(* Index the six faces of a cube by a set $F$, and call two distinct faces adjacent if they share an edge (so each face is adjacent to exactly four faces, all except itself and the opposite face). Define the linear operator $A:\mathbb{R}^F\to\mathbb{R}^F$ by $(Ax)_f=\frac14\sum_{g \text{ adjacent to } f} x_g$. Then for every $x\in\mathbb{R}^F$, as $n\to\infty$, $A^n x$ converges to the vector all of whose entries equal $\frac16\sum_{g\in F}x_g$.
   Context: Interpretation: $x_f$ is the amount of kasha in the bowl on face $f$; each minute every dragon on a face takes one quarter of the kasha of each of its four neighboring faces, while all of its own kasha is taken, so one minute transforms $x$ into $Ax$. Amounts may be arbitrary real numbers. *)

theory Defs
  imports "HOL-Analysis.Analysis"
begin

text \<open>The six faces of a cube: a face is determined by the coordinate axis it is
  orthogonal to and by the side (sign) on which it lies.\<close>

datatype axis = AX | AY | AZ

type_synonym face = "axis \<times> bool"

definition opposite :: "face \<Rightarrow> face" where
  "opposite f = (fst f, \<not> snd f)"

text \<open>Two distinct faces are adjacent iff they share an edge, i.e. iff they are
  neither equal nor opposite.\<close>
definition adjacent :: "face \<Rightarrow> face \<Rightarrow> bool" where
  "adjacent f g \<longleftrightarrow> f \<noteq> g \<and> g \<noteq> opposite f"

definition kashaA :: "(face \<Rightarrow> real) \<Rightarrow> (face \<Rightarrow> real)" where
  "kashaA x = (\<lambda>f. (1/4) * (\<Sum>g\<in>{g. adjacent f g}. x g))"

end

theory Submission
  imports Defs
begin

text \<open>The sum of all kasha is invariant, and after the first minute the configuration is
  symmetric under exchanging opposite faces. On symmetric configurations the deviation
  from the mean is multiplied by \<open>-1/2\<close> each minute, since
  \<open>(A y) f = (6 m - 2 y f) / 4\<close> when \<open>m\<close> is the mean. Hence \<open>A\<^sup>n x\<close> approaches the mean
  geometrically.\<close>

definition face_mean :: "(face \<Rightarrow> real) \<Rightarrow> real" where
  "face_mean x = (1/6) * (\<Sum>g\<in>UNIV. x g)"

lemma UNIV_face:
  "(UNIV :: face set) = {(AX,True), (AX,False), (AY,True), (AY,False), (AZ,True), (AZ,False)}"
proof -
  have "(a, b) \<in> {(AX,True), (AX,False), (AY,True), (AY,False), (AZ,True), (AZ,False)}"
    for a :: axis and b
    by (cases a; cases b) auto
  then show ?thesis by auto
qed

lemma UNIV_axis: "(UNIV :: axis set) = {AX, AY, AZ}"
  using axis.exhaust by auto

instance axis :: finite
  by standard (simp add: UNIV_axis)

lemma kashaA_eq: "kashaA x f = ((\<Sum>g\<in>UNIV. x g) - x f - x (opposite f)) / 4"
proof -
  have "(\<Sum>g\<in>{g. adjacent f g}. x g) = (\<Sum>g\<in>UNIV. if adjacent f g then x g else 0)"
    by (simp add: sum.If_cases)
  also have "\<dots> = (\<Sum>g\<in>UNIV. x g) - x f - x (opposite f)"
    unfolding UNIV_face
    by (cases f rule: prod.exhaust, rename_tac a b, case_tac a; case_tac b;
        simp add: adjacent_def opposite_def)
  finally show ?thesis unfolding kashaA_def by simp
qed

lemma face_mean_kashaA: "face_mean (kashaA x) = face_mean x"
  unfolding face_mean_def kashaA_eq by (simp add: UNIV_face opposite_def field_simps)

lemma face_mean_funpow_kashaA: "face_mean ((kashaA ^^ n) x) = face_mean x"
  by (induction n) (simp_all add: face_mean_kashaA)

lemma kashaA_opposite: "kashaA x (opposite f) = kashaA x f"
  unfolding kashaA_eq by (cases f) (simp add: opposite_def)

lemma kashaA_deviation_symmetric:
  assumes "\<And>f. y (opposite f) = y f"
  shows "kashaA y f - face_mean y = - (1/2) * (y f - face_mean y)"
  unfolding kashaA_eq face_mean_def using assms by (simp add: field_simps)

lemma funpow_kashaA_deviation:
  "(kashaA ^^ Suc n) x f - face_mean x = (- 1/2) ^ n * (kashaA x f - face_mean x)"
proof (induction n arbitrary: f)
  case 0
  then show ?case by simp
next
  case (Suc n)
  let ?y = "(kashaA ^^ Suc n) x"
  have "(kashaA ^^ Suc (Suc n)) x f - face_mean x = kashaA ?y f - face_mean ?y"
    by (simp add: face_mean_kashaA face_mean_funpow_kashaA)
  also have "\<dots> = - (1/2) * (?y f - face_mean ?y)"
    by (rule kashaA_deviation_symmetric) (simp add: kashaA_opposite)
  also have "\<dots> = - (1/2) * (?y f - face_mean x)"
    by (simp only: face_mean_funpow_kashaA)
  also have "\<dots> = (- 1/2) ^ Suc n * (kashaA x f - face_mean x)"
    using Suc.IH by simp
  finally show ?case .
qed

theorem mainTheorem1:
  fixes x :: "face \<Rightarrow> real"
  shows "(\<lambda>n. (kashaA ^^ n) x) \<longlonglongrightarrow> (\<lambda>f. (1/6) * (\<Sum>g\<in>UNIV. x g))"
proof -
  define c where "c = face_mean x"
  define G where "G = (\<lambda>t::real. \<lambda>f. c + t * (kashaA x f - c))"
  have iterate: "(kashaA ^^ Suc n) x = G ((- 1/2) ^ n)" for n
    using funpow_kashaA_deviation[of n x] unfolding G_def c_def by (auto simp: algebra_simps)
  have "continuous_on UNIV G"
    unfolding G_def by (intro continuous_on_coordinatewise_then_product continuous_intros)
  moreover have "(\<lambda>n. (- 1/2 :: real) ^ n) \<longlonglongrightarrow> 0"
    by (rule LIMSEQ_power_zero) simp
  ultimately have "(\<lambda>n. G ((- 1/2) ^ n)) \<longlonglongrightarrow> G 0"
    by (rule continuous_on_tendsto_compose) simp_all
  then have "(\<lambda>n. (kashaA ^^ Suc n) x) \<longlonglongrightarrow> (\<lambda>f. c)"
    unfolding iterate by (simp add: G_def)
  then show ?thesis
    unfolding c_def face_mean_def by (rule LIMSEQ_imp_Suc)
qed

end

________________________________________

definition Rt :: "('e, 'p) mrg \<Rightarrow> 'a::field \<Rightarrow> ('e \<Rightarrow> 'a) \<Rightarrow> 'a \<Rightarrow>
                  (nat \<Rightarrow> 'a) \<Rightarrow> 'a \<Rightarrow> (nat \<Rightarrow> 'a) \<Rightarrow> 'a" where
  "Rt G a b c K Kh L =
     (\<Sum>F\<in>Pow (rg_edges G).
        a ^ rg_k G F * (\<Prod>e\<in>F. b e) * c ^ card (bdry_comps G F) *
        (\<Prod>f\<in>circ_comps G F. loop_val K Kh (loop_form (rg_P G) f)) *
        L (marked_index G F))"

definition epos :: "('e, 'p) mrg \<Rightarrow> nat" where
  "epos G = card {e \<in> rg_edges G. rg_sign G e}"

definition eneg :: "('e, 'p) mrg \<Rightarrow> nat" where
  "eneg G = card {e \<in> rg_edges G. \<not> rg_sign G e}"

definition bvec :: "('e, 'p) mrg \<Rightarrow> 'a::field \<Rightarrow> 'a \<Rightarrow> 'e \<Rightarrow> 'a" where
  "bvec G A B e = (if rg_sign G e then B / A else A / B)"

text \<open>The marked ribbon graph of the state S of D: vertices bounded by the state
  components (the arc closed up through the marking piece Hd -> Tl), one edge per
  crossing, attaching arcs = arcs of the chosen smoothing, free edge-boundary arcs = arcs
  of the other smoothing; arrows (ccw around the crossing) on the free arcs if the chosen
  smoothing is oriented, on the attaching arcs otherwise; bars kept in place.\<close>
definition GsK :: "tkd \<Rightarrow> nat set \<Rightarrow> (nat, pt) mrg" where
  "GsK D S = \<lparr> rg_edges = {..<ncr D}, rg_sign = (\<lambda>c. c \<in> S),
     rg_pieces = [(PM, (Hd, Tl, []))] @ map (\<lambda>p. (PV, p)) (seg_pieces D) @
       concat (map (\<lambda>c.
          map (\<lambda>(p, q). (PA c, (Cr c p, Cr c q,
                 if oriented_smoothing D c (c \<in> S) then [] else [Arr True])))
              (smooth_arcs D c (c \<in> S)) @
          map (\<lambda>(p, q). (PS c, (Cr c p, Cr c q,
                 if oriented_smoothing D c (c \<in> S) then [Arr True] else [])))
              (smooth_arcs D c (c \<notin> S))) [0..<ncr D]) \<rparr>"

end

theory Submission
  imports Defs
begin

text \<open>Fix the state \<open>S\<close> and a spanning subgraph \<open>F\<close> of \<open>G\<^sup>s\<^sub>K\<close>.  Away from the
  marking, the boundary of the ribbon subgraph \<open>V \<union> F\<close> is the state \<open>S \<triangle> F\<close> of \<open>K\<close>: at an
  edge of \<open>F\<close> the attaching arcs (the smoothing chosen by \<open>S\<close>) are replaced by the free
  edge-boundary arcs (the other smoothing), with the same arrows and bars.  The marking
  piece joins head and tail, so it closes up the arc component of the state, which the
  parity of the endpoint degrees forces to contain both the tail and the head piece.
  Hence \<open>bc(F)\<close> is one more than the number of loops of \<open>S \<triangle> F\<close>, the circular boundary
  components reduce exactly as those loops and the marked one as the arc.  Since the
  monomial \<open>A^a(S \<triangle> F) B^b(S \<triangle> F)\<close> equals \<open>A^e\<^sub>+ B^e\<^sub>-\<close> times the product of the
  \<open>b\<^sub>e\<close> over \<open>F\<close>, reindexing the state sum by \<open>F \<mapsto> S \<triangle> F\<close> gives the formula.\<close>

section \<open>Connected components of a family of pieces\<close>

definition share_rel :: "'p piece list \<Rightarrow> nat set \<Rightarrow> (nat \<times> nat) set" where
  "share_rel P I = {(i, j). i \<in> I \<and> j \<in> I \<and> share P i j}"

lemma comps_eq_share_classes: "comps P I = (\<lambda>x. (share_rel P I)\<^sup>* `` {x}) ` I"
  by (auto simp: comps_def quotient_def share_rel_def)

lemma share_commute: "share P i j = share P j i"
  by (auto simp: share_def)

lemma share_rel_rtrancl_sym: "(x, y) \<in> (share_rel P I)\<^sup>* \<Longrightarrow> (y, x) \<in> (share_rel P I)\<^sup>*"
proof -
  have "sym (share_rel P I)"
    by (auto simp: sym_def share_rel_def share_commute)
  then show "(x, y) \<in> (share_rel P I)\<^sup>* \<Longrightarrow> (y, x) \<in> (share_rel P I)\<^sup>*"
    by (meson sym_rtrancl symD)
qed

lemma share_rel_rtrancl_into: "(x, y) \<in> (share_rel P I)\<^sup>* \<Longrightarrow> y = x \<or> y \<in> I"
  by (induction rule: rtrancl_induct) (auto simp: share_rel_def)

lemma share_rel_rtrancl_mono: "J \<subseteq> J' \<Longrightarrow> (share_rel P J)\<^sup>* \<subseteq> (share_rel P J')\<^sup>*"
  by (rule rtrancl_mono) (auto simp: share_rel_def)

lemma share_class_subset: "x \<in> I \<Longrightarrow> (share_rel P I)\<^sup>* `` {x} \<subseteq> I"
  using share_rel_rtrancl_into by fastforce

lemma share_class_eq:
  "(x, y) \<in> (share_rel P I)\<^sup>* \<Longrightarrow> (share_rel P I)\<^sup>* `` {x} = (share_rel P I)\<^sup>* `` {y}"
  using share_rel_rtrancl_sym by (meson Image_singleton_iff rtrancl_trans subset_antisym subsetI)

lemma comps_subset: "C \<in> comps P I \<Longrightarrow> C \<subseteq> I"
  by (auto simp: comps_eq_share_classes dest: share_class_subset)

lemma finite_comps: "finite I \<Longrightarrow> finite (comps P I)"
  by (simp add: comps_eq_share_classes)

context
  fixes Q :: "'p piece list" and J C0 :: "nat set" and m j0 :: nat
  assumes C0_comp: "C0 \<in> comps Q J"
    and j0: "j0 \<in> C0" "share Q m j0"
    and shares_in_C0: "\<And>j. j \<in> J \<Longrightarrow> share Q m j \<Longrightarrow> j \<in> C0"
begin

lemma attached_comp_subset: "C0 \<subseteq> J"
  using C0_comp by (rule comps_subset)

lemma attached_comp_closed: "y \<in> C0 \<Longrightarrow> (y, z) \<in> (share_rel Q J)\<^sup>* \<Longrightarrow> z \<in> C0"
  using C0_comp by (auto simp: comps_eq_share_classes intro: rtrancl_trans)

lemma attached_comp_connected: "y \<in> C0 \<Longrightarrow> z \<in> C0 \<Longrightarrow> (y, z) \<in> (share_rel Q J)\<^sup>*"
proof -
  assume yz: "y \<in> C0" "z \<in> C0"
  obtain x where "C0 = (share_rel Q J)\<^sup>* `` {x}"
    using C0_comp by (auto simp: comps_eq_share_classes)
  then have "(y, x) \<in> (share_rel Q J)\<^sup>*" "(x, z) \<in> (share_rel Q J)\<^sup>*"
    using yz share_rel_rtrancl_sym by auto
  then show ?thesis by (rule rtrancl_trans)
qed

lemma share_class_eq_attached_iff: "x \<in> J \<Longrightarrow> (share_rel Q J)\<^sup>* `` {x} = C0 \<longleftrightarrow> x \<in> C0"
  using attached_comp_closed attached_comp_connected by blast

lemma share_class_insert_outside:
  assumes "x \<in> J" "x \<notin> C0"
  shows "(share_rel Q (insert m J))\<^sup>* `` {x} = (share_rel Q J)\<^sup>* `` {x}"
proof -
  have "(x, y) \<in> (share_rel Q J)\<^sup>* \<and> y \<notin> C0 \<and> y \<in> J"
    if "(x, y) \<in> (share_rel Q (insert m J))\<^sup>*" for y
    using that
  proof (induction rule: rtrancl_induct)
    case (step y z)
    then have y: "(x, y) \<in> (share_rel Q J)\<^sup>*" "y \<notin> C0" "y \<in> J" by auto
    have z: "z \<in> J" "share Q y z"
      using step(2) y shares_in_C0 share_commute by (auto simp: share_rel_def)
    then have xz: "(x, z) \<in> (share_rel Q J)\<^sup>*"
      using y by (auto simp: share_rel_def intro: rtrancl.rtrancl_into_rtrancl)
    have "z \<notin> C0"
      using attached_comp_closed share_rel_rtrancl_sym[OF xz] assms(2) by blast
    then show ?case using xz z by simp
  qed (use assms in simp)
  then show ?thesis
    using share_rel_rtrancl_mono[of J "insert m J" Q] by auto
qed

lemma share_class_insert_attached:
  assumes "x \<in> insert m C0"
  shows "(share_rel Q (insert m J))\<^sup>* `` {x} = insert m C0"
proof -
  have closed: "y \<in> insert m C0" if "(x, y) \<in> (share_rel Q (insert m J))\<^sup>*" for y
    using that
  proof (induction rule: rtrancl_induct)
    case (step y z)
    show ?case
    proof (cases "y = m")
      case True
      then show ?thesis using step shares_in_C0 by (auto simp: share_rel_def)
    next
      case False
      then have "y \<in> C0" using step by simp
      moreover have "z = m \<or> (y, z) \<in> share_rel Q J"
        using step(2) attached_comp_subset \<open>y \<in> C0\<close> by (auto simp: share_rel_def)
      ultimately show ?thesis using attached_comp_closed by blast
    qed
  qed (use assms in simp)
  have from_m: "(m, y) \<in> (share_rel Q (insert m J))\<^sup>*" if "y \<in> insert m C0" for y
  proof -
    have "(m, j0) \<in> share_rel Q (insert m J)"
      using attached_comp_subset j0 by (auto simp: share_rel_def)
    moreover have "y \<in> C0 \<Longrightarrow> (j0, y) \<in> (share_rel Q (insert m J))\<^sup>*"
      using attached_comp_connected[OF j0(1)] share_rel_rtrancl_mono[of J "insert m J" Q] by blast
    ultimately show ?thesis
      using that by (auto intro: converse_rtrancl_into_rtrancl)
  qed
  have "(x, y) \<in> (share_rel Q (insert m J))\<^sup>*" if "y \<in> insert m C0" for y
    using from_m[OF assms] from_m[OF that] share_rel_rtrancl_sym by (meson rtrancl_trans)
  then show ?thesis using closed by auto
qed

________________________________________

* What to do *
Please copy out each line of the data in which the word "triangle" occurs.

* Reply to the exercise *
  marking, the boundary of the ribbon subgraph \<open>V \<union> F\<close> is the state \<open>S \<triangle> F\<close> of \<open>K\<close>: at an
  Hence \<open>bc(F)\<close> is one more than the number of loops of \<open>S \<triangle> F\<close>, the circular boundary
  monomial \<open>A^a(S \<triangle> F) B^b(S \<triangle> F)\<close> equals \<open>A^e\<^sub>+ B^e\<^sub>-\<close> times the product of the
  \<open>b\<^sub>e\<close> over \<open>F\<close>, reindexing the state sum by \<open>F \<mapsto> S \<triangle> F\<close> gives the formula.\<close>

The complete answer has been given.